In R, we run the hypothesis test in the same way, this time replacing the second sample with mu = 22:

result <- t.test(monthly$duration, mu = 22)
pander(result)
One Sample t-test: monthly$duration
Test statistic df P value Alternative hypothesis mean of x
-2.519 265 0.01235 * two.sided 18.24

4.5 Background theory

Here we’ll give a high-level idea of the background theory for hypothesis testing. We will use one-sample hypothesis tests for means to convey the main ideas, which hold for one-sample proportion tests and both types of two-sample tests as well.

In a one-sample hypothesis test, the test statistic is

\[ t =\frac{\bar{x} - \mu}{\frac{s}{\sqrt{n}}} \] What is the interpretation of \(t\) here?

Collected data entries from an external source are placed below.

(* Let $p$ be a random joint choice rule on a finite set $X$, with Möbius inverse $q$. A distribution $\nu\in\Delta(\mathcal{L}(X))$ and a transition function $t$ are a consumption dependent random utility representation of $p$, i.e. $$p(x,y,A,B)=\sum_{\succ\in N(x,A)}\sum_{\succ'\in N(y,B)}\nu(\succ)\,t_{\succ'}(x,\succ)\quad\text{for all } A,B\in\mathcal{X},\ (x,y)\in A\times B,$$ if and only if for all $A,B\in\mathcal{X}$ and all $(x,y)\in A\times B$, $$q(x,y,A,B)=\sum_{\succ\in I(x,A)}\sum_{\succ'\in I(y,B)}\nu(\succ)\,t_{\succ'}(x,\succ).$$
   Context: $X$ is finite, $\mathcal{X}$ the nonempty subsets of $X$, $\mathcal{L}(X)$ the linear orders on $X$. $N(x,A)=\{\succ: x\succ y\ \forall y\in A\setminus\{x\}\}$ and $I(x,A)=\{\succ : z\succ x\ \forall z\in X\setminus A,\ x\succ y\ \forall y\in A\setminus\{x\}\}$. A transition function is any map $t:X\times\mathcal{L}(X)\to\Delta(\mathcal{L}(X))$, with $t_{\succ'}(x,\succ)$ the probability of $\succ'$ under $t(x,\succ)$. A random joint choice rule assigns to each $A,B\in\mathcal{X}$ and $(x,y)\in A\times B$ a number $p(x,y,A,B)\ge 0$ with $\sum_{x\in A}\sum_{y\in B}p(x,y,A,B)=1$. Its Möbius inverse $q$ is the unique function with $p(x,y,A,B)=\sum_{A\subseteq A'\subseteq X}\sum_{B\subseteq B'\subseteq X}q(x,y,A',B')$ for all such $(x,y,A,B)$. *)

theory Defs
  imports Main "HOL.Real"
begin

text \<open>The ground set X is the (finite) universe of the type 'a. A linear order on X is
  represented as a strict total order, i.e. a relation R with (x,y) in R meaning x is
  ranked above y.\<close>

definition lin_orders :: "('a \<times> 'a) set set" where
  "lin_orders = {R. irrefl R \<and> trans R \<and> (\<forall>x y. x \<noteq> y \<longrightarrow> (x, y) \<in> R \<or> (y, x) \<in> R)}"

definition N_set :: "'a \<Rightarrow> 'a set \<Rightarrow> ('a \<times> 'a) set set" where
  "N_set x A = {R \<in> lin_orders. \<forall>y \<in> A - {x}. (x, y) \<in> R}"

definition I_set :: "'a \<Rightarrow> 'a set \<Rightarrow> ('a \<times> 'a) set set" where
  "I_set x A = {R \<in> lin_orders. (\<forall>z \<in> - A. (z, x) \<in> R) \<and> (\<forall>y \<in> A - {x}. (x, y) \<in> R)}"

definition is_distribution :: "(('a \<times> 'a) set \<Rightarrow> real) \<Rightarrow> bool" where
  "is_distribution \<nu> \<longleftrightarrow> (\<forall>R \<in> lin_orders. \<nu> R \<ge> 0) \<and> (\<Sum>R \<in> lin_orders. \<nu> R) = 1"

text \<open>t x R R' is the probability of R' under t(x,R).\<close>
definition is_transition :: "('a \<Rightarrow> ('a \<times> 'a) set \<Rightarrow> ('a \<times> 'a) set \<Rightarrow> real) \<Rightarrow> bool" where
  "is_transition t \<longleftrightarrow> (\<forall>x R. R \<in> lin_orders \<longrightarrow> is_distribution (t x R))"

definition is_rjcr :: "('a \<Rightarrow> 'a \<Rightarrow> 'a set \<Rightarrow> 'a set \<Rightarrow> real) \<Rightarrow> bool" where
  "is_rjcr p \<longleftrightarrow> (\<forall>A B. A \<noteq> {} \<longrightarrow> B \<noteq> {} \<longrightarrow>
      (\<forall>x \<in> A. \<forall>y \<in> B. p x y A B \<ge> 0) \<and> (\<Sum>x \<in> A. \<Sum>y \<in> B. p x y A B) = 1)"

definition is_moebius_inverse ::
    "('a \<Rightarrow> 'a \<Rightarrow> 'a set \<Rightarrow> 'a set \<Rightarrow> real) \<Rightarrow> ('a \<Rightarrow> 'a \<Rightarrow> 'a set \<Rightarrow> 'a set \<Rightarrow> real) \<Rightarrow> bool" where
  "is_moebius_inverse q p \<longleftrightarrow> (\<forall>A B x y. A \<noteq> {} \<longrightarrow> B \<noteq> {} \<longrightarrow> x \<in> A \<longrightarrow> y \<in> B \<longrightarrow>
      p x y A B = (\<Sum>A' \<in> {A'. A \<subseteq> A'}. \<Sum>B' \<in> {B'. B \<subseteq> B'}. q x y A' B'))"

end

theory Submission
  imports Defs
begin

text \<open>An order \<open>R \<in> N(x,A)\<close> lies in \<open>I(x,A')\<close> for exactly one set, namely
  \<open>A' = {x} \<union> {z. x \<succ> z}\<close>, and this set contains \<open>A\<close>. So \<open>N(x,A)\<close> is the disjoint union of
  the sets \<open>I(x,A')\<close> over \<open>A' \<supseteq> A\<close>, and the right-hand side of the representation of
  \<open>p\<close> is the double upward sum of the right-hand side of the formula for \<open>q\<close>. The two
  formulas are then equivalent because double upward sums determine a function on the
  up-closed family of pairs \<open>(A,B)\<close> with \<open>x \<in> A\<close> and \<open>y \<in> B\<close>.\<close>

lemma I_set_iff: "R \<in> I_set x A \<longleftrightarrow> R \<in> lin_orders \<and> A = insert x {z. (x, z) \<in> R}"
proof
  assume "R \<in> I_set x A"
  then have R: "R \<in> lin_orders" and above: "\<forall>z \<in> - A. (z, x) \<in> R"
    and below: "\<forall>y \<in> A - {x}. (x, y) \<in> R"
    by (auto simp: I_set_def)
  from R have irr: "\<And>a. (a, a) \<notin> R" and "trans R"
    by (auto simp: lin_orders_def irrefl_def)
  have "x \<in> A"
    using above irr by blast
  moreover have "z \<in> A" if "(x, z) \<in> R" for z
  proof (rule ccontr)
    assume "z \<notin> A"
    then have "(z, x) \<in> R"
      using above by blast
    with that \<open>trans R\<close> irr show False
      by (meson transD)
  qed
  ultimately show "R \<in> lin_orders \<and> A = insert x {z. (x, z) \<in> R}"
    using R below by blast
next
  assume "R \<in> lin_orders \<and> A = insert x {z. (x, z) \<in> R}"
  then show "R \<in> I_set x A"
    by (auto simp: I_set_def lin_orders_def)
qed

lemma N_set_eq_UN_I_set:
  assumes "x \<in> A"
  shows "N_set x A = (\<Union>A' \<in> {A'. A \<subseteq> A'}. I_set x A')"
proof (intro set_eqI iffI)
  fix R
  assume "R \<in> N_set x A"
  then have "R \<in> I_set x (insert x {z. (x, z) \<in> R})" and "A \<subseteq> insert x {z. (x, z) \<in> R}"
    by (auto simp: N_set_def I_set_iff)
  then show "R \<in> (\<Union>A' \<in> {A'. A \<subseteq> A'}. I_set x A')"
    by blast
next
  fix R
  assume "R \<in> (\<Union>A' \<in> {A'. A \<subseteq> A'}. I_set x A')"
  then show "R \<in> N_set x A"
    by (auto simp: N_set_def I_set_iff)
qed

lemma sum_N_set:
  fixes h :: "('a::finite \<times> 'a) set \<Rightarrow> 'b::comm_monoid_add"
  assumes "x \<in> A"
  shows "(\<Sum>R \<in> N_set x A. h R) = (\<Sum>A' \<in> {A'. A \<subseteq> A'}. \<Sum>R \<in> I_set x A'. h R)"
  unfolding N_set_eq_UN_I_set[OF assms]
  by (rule sum.UNION_disjoint) (auto simp: I_set_iff)

lemma sum_N_set_N_set:
  fixes F :: "('a::finite \<times> 'a) set \<Rightarrow> ('a \<times> 'a) set \<Rightarrow> 'b::comm_monoid_add"
  assumes "x \<in> A" and "y \<in> B"
  shows "(\<Sum>R \<in> N_set x A. \<Sum>R' \<in> N_set y B. F R R') =
    (\<Sum>A' \<in> {A'. A \<subseteq> A'}. \<Sum>B' \<in> {B'. B \<subseteq> B'}. \<Sum>R \<in> I_set x A'. \<Sum>R' \<in> I_set y B'. F R R')"
proof -
  have "(\<Sum>R \<in> N_set x A. \<Sum>R' \<in> N_set y B. F R R') =
      (\<Sum>A' \<in> {A'. A \<subseteq> A'}. \<Sum>R \<in> I_set x A'. \<Sum>B' \<in> {B'. B \<subseteq> B'}. \<Sum>R' \<in> I_set y B'. F R R')"
    by (simp add: sum_N_set[OF assms(2)] sum_N_set[OF assms(1)])
  also have "\<dots> =
      (\<Sum>A' \<in> {A'. A \<subseteq> A'}. \<Sum>B' \<in> {B'. B \<subseteq> B'}. \<Sum>R \<in> I_set x A'. \<Sum>R' \<in> I_set y B'. F R R')"
    by (rule sum.cong[OF refl], rule sum.swap)
  finally show ?thesis .
qed

lemma superset_sums_eq_0_imp_eq_0:
  fixes g :: "'a::finite set \<Rightarrow> 'b::ab_group_add"
  assumes up_closed: "\<And>A A'. P A \<Longrightarrow> A \<subseteq> A' \<Longrightarrow> P A'"
    and sums_0: "\<And>A. P A \<Longrightarrow> (\<Sum>A' \<in> {A'. A \<subseteq> A'}. g A') = 0"
    and "P A"
  shows "g A = 0"
  using \<open>P A\<close>
proof (induction "card (- A)" arbitrary: A rule: less_induct)
  case less
  have "(\<Sum>A' \<in> {A'. A \<subset> A'}. g A') = 0"
  proof (rule sum.neutral, intro ballI)
    fix A'
    assume "A' \<in> {A'. A \<subset> A'}"
    then have "card (- A') < card (- A)" and "P A'"
      using up_closed[OF less.prems] by (auto intro: psubset_card_mono)
    then show "g A' = 0"
      by (rule less.hyps)
  qed
  moreover have "{A'. A \<subseteq> A'} = insert A {A'. A \<subset> A'}"
    by auto
  ultimately show "g A = 0"
    using sums_0[OF less.prems] by simp
qed

lemma superset_sums2_eq_imp_eq:
  fixes f g :: "'a::finite set \<Rightarrow> 'b::finite set \<Rightarrow> 'c::ab_group_add"
  assumes up_closed: "\<And>A A'. P A \<Longrightarrow> A \<subseteq> A' \<Longrightarrow> P A'" "\<And>B B'. Q B \<Longrightarrow> B \<subseteq> B' \<Longrightarrow> Q B'"
    and sums_eq: "\<And>A B. P A \<Longrightarrow> Q B \<Longrightarrow>
      (\<Sum>A' \<in> {A'. A \<subseteq> A'}. \<Sum>B' \<in> {B'. B \<subseteq> B'}. f A' B') =
      (\<Sum>A' \<in> {A'. A \<subseteq> A'}. \<Sum>B' \<in> {B'. B \<subseteq> B'}. g A' B')"
    and "P A" "Q B"
  shows "f A B = g A B"
proof -
  have inner_sums_0: "(\<Sum>B' \<in> {B'. B \<subseteq> B'}. f A B' - g A B') = 0"
    if "P A" "Q B" for A B
  proof (rule superset_sums_eq_0_imp_eq_0[where P = P, OF up_closed(1) _ \<open>P A\<close>])
    fix A0
    assume "P A0"
    show "(\<Sum>A' \<in> {A'. A0 \<subseteq> A'}. \<Sum>B' \<in> {B'. B \<subseteq> B'}. f A' B' - g A' B') = 0"
      using sums_eq[OF \<open>P A0\<close> \<open>Q B\<close>] by (simp add: sum_subtractf)
  qed
  have "f A B - g A B = 0"
    by (rule superset_sums_eq_0_imp_eq_0[where P = Q, OF up_closed(2) inner_sums_0[OF \<open>P A\<close>] \<open>Q B\<close>])
  then show ?thesis
    by simp
qed

lemma superset_sums2_representation_iff:
  fixes p q r :: "'a \<Rightarrow> 'b \<Rightarrow> 'a::finite set \<Rightarrow> 'b::finite set \<Rightarrow> 'c::ab_group_add"
  assumes p_eq: "\<And>x y A B. x \<in> A \<Longrightarrow> y \<in> B \<Longrightarrow>
    p x y A B = (\<Sum>A' \<in> {A'. A \<subseteq> A'}. \<Sum>B' \<in> {B'. B \<subseteq> B'}. q x y A' B')"
  shows "(\<forall>A B x y. x \<in> A \<longrightarrow> y \<in> B \<longrightarrow>
      p x y A B = (\<Sum>A' \<in> {A'. A \<subseteq> A'}. \<Sum>B' \<in> {B'. B \<subseteq> B'}. r x y A' B'))
    \<longleftrightarrow> (\<forall>A B x y. x \<in> A \<longrightarrow> y \<in> B \<longrightarrow> q x y A B = r x y A B)"
proof (intro iffI allI impI)
  fix A B and x :: 'a and y :: 'b
  assume rep: "\<forall>A B x y. x \<in> A \<longrightarrow> y \<in> B \<longrightarrow>
      p x y A B = (\<Sum>A' \<in> {A'. A \<subseteq> A'}. \<Sum>B' \<in> {B'. B \<subseteq> B'}. r x y A' B')"
    and "x \<in> A" "y \<in> B"
  have sums_eq: "(\<Sum>A' \<in> {A'. A0 \<subseteq> A'}. \<Sum>B' \<in> {B'. B0 \<subseteq> B'}. q x y A' B') =
      (\<Sum>A' \<in> {A'. A0 \<subseteq> A'}. \<Sum>B' \<in> {B'. B0 \<subseteq> B'}. r x y A' B')"
    if "x \<in> A0" "y \<in> B0" for A0 B0
    using rep p_eq[OF that] that by simp
  show "q x y A B = r x y A B"
    using \<open>x \<in> A\<close> \<open>y \<in> B\<close>
    by (intro superset_sums2_eq_imp_eq[where P = "\<lambda>A. x \<in> A" and Q = "\<lambda>B. y \<in> B", OF _ _ sums_eq])
      auto
next
  fix A B and x :: 'a and y :: 'b
  assume "\<forall>A B x y. x \<in> A \<longrightarrow> y \<in> B \<longrightarrow> q x y A B = r x y A B" and "x \<in> A" "y \<in> B"
  then show "p x y A B = (\<Sum>A' \<in> {A'. A \<subseteq> A'}. \<Sum>B' \<in> {B'. B \<subseteq> B'}. r x y A' B')"
    unfolding p_eq[OF \<open>x \<in> A\<close> \<open>y \<in> B\<close>] by (intro sum.cong refl) blast
qed

theorem theorem4:
  fixes p q :: "'a::finite \<Rightarrow> 'a \<Rightarrow> 'a set \<Rightarrow> 'a set \<Rightarrow> real"
    and \<nu> :: "('a \<times> 'a) set \<Rightarrow> real"
    and t :: "'a \<Rightarrow> ('a \<times> 'a) set \<Rightarrow> ('a \<times> 'a) set \<Rightarrow> real"
  assumes "is_rjcr p"
    and "is_moebius_inverse q p"
    and "is_distribution \<nu>"
    and "is_transition t"
  shows "(\<forall>A B x y. A \<noteq> {} \<longrightarrow> B \<noteq> {} \<longrightarrow> x \<in> A \<longrightarrow> y \<in> B \<longrightarrow>
            p x y A B = (\<Sum>R \<in> N_set x A. \<Sum>R' \<in> N_set y B. \<nu> R * t x R R'))
     \<longleftrightarrow> (\<forall>A B x y. A \<noteq> {} \<longrightarrow> B \<noteq> {} \<longrightarrow> x \<in> A \<longrightarrow> y \<in> B \<longrightarrow>
            q x y A B = (\<Sum>R \<in> I_set x A. \<Sum>R' \<in> I_set y B. \<nu> R * t x R R'))"
proof -
  let ?I = "\<lambda>x y A B. \<Sum>R \<in> I_set x A. \<Sum>R' \<in> I_set y B. \<nu> R * t x R R'"
  have p_eq: "p x y A B = (\<Sum>A' \<in> {A'. A \<subseteq> A'}. \<Sum>B' \<in> {B'. B \<subseteq> B'}. q x y A' B')"
    if "x \<in> A" "y \<in> B" for x y A B
    using assms(2) that unfolding is_moebius_inverse_def by blast
  have "(\<forall>A B x y. A \<noteq> {} \<longrightarrow> B \<noteq> {} \<longrightarrow> x \<in> A \<longrightarrow> y \<in> B \<longrightarrow>
            p x y A B = (\<Sum>R \<in> N_set x A. \<Sum>R' \<in> N_set y B. \<nu> R * t x R R'))
     \<longleftrightarrow> (\<forall>A B x y. x \<in> A \<longrightarrow> y \<in> B \<longrightarrow>
            p x y A B = (\<Sum>R \<in> N_set x A. \<Sum>R' \<in> N_set y B. \<nu> R * t x R R'))"
    by auto
  also have "\<dots> \<longleftrightarrow> (\<forall>A B x y. x \<in> A \<longrightarrow> y \<in> B \<longrightarrow>
            p x y A B = (\<Sum>A' \<in> {A'. A \<subseteq> A'}. \<Sum>B' \<in> {B'. B \<subseteq> B'}. ?I x y A' B'))"
    by (simp add: sum_N_set_N_set)
  also have "\<dots> \<longleftrightarrow> (\<forall>A B x y. x \<in> A \<longrightarrow> y \<in> B \<longrightarrow> q x y A B = ?I x y A B)"
    by (rule superset_sums2_representation_iff[OF p_eq])
  finally show ?thesis
    by auto
qed

end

Recall from Part 3 that the sample mean \(\bar{x}\) is a random variable with mean \(\mu\) and standard deviation \(\frac{s}{\sqrt{n}}\). Therefore, if \(\mu\) is the true mean, then the observed \(\bar{x}\) is \(t\) standard errors away from the mean of the sampling distribution.

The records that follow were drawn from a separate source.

lemma kspace_inter_hyperplane:
  assumes U: "kspace n k U" and H: "kspace n (n - 1) H" and nU: "\<not> U \<subseteq> H"
  shows "kspace n (k - 1) (U \<inter> H)"
proof -
  obtain B where B: "finite B" "card B = k" "B \<subseteq> vecs n" "V.independent B" "U = V.span B"
    using U unfolding kspace_iff by blast
  have sU: "V.subspace U" "U \<subseteq> vecs n" using kspace_imp_subspace[OF U] by auto
  have sH: "V.subspace H" using kspace_imp_subspace[OF H] by auto
  obtain C where C: "finite C" "C \<subseteq> U \<inter> H" "V.independent C" "V.span C = U \<inter> H"
    using subspace_has_finite_basis[of "U \<inter> H" B] B sU sH by (auto simp: V.subspace_inter)
  obtain u where u: "u \<in> U" "u \<notin> H" using nU by blast
  have ind: "V.independent (insert u C)" using u C by (simp add: V.independent_insertI)
  have "V.span (insert u C) = U"
  proof
    show "V.span (insert u C) \<subseteq> U" using u C sU V.span_minimal by (metis Int_subset_iff insert_subset)
    show "U \<subseteq> V.span (insert u C)"
    proof
      fix y assume y: "y \<in> U"
      obtain a where a: "y - vscale a u \<in> H" using hyperplane_split[OF H _ u(2)] u y sU by blast
      have "y - vscale a u \<in> U" using y u sU(1) by (simp add: V.subspace_diff V.subspace_scale)
      then have "y - vscale a u \<in> V.span C" using a C by simp
      then show "y \<in> V.span (insert u C)" using V.span_breakdown_eq by blast
    qed
  qed
  then have "card (insert u C) = k" using card_eq_if_span_eq[OF _ B(1) ind B(4)] C(1) B by simp
  moreover have "u \<notin> C" using u C by auto
  ultimately have "card C = k - 1" using C(1) by simp
  then show ?thesis unfolding kspace_iff using C sU by (intro exI[of _ C]) auto
qed

lemma kspace_image:
  assumes f: "module_hom vscale vscale f" and W: "kspace n k W"
    and inj: "inj_on f W" and sub: "f ` W \<subseteq> vecs m"
  shows "kspace m k (f ` W)"
proof -
  obtain B where B: "finite B" "card B = k" "B \<subseteq> vecs n" "V.independent B" "W = V.span B"
    using W unfolding kspace_iff by blast
  have BW: "B \<subseteq> W" using B V.span_superset by blast
  show ?thesis unfolding kspace_iff
  proof (intro exI[of _ "f ` B"] conjI)
    show "card (f ` B) = k" using B BW inj by (simp add: card_image inj_on_subset)
    show "V.independent (f ` B)" using module_hom.independent_injective_image[OF f B(4)] inj B by simp
    show "f ` W = V.span (f ` B)" using module_hom.span_image[OF f] B by simp
  qed (use B BW sub in auto)
qed

lemma points_iff: "P \<in> points n \<longleftrightarrow> (\<exists>x. x \<in> vecs n \<and> x \<noteq> 0 \<and> P = V.span {x})"
proof
  assume "P \<in> points n"
  then obtain B where B: "finite B" "card B = 1" "B \<subseteq> vecs n" "V.independent B" "P = V.span B"
    unfolding points_def kspace_iff by blast
  then obtain x where "B = {x}" using card_1_singletonE by blast
  then show "\<exists>x. x \<in> vecs n \<and> x \<noteq> 0 \<and> P = V.span {x}" using B by auto
next
  assume "\<exists>x. x \<in> vecs n \<and> x \<noteq> 0 \<and> P = V.span {x}"
  then obtain x where "x \<in> vecs n" "x \<noteq> 0" "P = V.span {x}" by blast
  then show "P \<in> points n" unfolding points_def kspace_iff by (intro CollectI exI[of _ "{x}"]) auto
qed

lemma points_subset_vecs: "P \<in> points n \<Longrightarrow> P \<subseteq> vecs n"
  unfolding points_def using kspace_imp_subspace by blast

definition point_rep :: "(nat \<Rightarrow> 'a::field) set \<Rightarrow> (nat \<Rightarrow> 'a)" where
  "point_rep P = (SOME x. x \<in> P \<and> x \<noteq> 0)"

lemma point_rep:
  assumes "P \<in> points n"
  shows "point_rep P \<in> vecs n" "point_rep P \<noteq> 0" "V.span {point_rep P} = P"
proof -
  obtain x where x: "x \<in> vecs n" "x \<noteq> 0" "P = V.span {x}" using assms points_iff by blast
  have "\<exists>y. y \<in> P \<and> y \<noteq> 0" using x V.span_base by blast
  then have r: "point_rep P \<in> P" "point_rep P \<noteq> 0"
    unfolding point_rep_def by (metis (mono_tags, lifting) someI_ex)+
  then show "point_rep P \<noteq> 0" by simp
  show "point_rep P \<in> vecs n" using r points_subset_vecs[OF assms] by blast
  obtain k where k: "point_rep P = vscale k x" using r x V.span_singleton by auto
  have "k \<noteq> 0" using k r by (auto simp: vscale_def zero_fun_def)
  then have "x = vscale (inverse k) (point_rep P)" using k by (simp add: vscale_def fun_eq_iff)
  then have "x \<in> V.span {point_rep P}" by (simp add: V.span_base V.span_scale)
  then show "V.span {point_rep P} = P"
    using r x span_singleton_subset_iff V.subspace_span by (metis subset_antisym)
qed

lemma finite_vecs: "finite (vecs n :: (nat \<Rightarrow> 'a::{field,finite}) set)"
proof -
  let ?of_list = "\<lambda>xs i. if i < n then xs ! i else (0::'a)"
  have "vecs n \<subseteq> ?of_list ` {xs. set xs \<subseteq> UNIV \<and> length xs = n}"
  proof
    fix x :: "nat \<Rightarrow> 'a" assume "x \<in> vecs n"
    then have "x = ?of_list (map x [0..<n])" by (auto simp: vecs_def fun_eq_iff)
    then show "x \<in> ?of_list ` {xs. set xs \<subseteq> UNIV \<and> length xs = n}" by auto
  qed
  then show ?thesis by (rule finite_subset) (intro finite_imageI finite_lists_length_eq finite_UNIV)
qed

lemma finite_points: "finite (points n :: (nat \<Rightarrow> 'a::{field,finite}) set set)"
  using finite_vecs[of n] points_subset_vecs[of _ n] by (meson Pow_iff finite_Pow_iff finite_subset subsetI)

section \<open>Adjoining a coordinate\<close>

definition proj_vec :: "nat \<Rightarrow> (nat \<Rightarrow> 'a::field) \<Rightarrow> (nat \<Rightarrow> 'a)" where
  "proj_vec v x = (\<lambda>i. if i < v then x i else 0)"

lemma module_hom_proj_vec: "module_hom vscale vscale (proj_vec v)"
  by (rule module_hom_vscale_intro) (auto simp: proj_vec_def vscale_def fun_eq_iff)

lemma proj_vec_in_vecs: "proj_vec v x \<in> vecs v"
  by (simp add: proj_vec_def vecs_def)

lemma proj_vec_id: "x \<in> vecs v \<Longrightarrow> proj_vec v x = x"
  by (auto simp: proj_vec_def vecs_def fun_eq_iff)

lemma proj_vec_plus_unit_vec: "x \<in> vecs v \<Longrightarrow> proj_vec v (x + vscale a (unit_vec v)) = x"
  by (auto simp: proj_vec_def vecs_def fun_eq_iff vscale_def unit_vec_def)

lemma vecs_Suc_decomp: "x \<in> vecs (Suc v) \<Longrightarrow> x = proj_vec v x + vscale (x v) (unit_vec v)"
  by (auto simp: proj_vec_def vecs_def fun_eq_iff vscale_def unit_vec_def)

lemma plus_unit_vec_in_vecs_Suc: "x \<in> vecs v \<Longrightarrow> x + vscale a (unit_vec v) \<in> vecs (Suc v)"
  by (auto simp: vecs_def vscale_def unit_vec_def)

lemma unit_vec_in_vecs_Suc: "unit_vec v \<in> vecs (Suc v)"
  by (simp add: unit_vec_def vecs_def)

lemma vecs_subset_Suc: "vecs v \<subseteq> vecs (Suc v)"
  by (auto simp: vecs_def)

definition lift_point :: "nat \<Rightarrow> (nat \<Rightarrow> 'a::field) set \<times> 'a \<Rightarrow> (nat \<Rightarrow> 'a) set" where
  "lift_point v p = V.span {point_rep (fst p) + vscale (snd p) (unit_vec v)}"

definition lift_set :: "nat \<Rightarrow> (nat \<Rightarrow> 'a::field) set set \<Rightarrow> (nat \<Rightarrow> 'a) set set" where
  "lift_set v S = lift_point v ` (S \<times> UNIV)"

lemma lift_point_subset_iff:
  "V.subspace H \<Longrightarrow> lift_point v (P, a) \<subseteq> H \<longleftrightarrow> point_rep P + vscale a (unit_vec v) \<in> H"
  unfolding lift_point_def fst_conv snd_conv by (rule span_singleton_subset_iff)

lemma lift_point_in_points:
  assumes "P \<in> points v"
  shows "lift_point v (P, a) \<in> points (Suc v)"
proof -
  let ?y = "point_rep P + vscale a (unit_vec v)"
  have "proj_vec v ?y = point_rep P" using proj_vec_plus_unit_vec[OF point_rep(1)[OF assms]] .
  then have "?y \<noteq> 0" using point_rep(2)[OF assms] module_hom.zero[OF module_hom_proj_vec] by metis
  moreover have "?y \<in> vecs (Suc v)" using plus_unit_vec_in_vecs_Suc[OF point_rep(1)[OF assms]] .
  ultimately show ?thesis unfolding lift_point_def points_iff fst_conv snd_conv by blast
qed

To illustrate, suppose in a random sample of \(n = 100\) trips by monthly passholders, we obtain a sample mean of \(\bar{x} = 27\) minutes. Suppose now we wish to test whether the true mean is \(22\) minutes. In this case, the hypotheses are

\[\begin{align} H_0 : \mu = 22 \\ H_a : \mu \neq 22. \end{align}\]

If the null hypothesis were true, then the distribution for \(\bar{x}\) would look something like:

# See code using the scroll bar immediately to the right -----> #



cols = met.brewer("Monet")
set.seed(1)
bike = read.csv("bikeshare.csv", stringsAsFactors = TRUE)
bike = bike[bike$pass_type=="Monthly Pass",]
mu = 22


n = 100
x_bar <- list()


for(i in 1:10000){
bike_sample <- bike[sample(1:nrow(bike), n),] 
x_bar[[i]] = mean(bike_sample$duration)
}


delt = mu - mean(unlist(x_bar))

CLT <-data.frame(cbind(x_bar))
CLT$x_bar=as.numeric(CLT$x_bar)+delt

ggplot(CLT, aes(x=x_bar))+
  geom_histogram(binwidth = 0.2, color = "white", fill=cols[9])+
  theme_ipsum(base_family = "Helvetica", axis_title_size = 14)+
  xlab("Mean duration of one way trips (minutes)")+
  ylab("Frequency")+
 geom_segment(aes(x = mu, y = 0, xend = mu, yend = 450), size = 0.5, linetype = "dashed", color = cols[6])+
   geom_segment(aes(x = 27, y = 0, xend = 27, yend = 80), size = 0.5, linetype = "dashed", color = cols[6])+
  annotate("text", x = mu+1, y = 425, label = expression(paste(mu,' = 22')))+
    annotate("text", x = 27+1, y = 70, label = expression(paste(x,' = 27')))+
  scale_x_continuous(breaks=c(15,16,17,18,19,20,21,22,23,24,25,26, 27, 28, 29, 30))

Note how far away \(\bar{x} = 27\) is from the hypothesized mean of \(\mu = 22\) minutes. That is, if the true mean really were 22 minutes, then it would be pretty rare for us to observe \(\bar{x} = 27\) (or larger) from a sample size of 100. In fact, out of 10,000 random draws of the data, the mean duration was more than 5 minutes further from the mean (in either direction) in only 353 out of 10,000 random draws, or in 3.53% of cases. This small probability is the \(p\)-value – the likelihood of seeing a deviation from the mean this large if the null were true.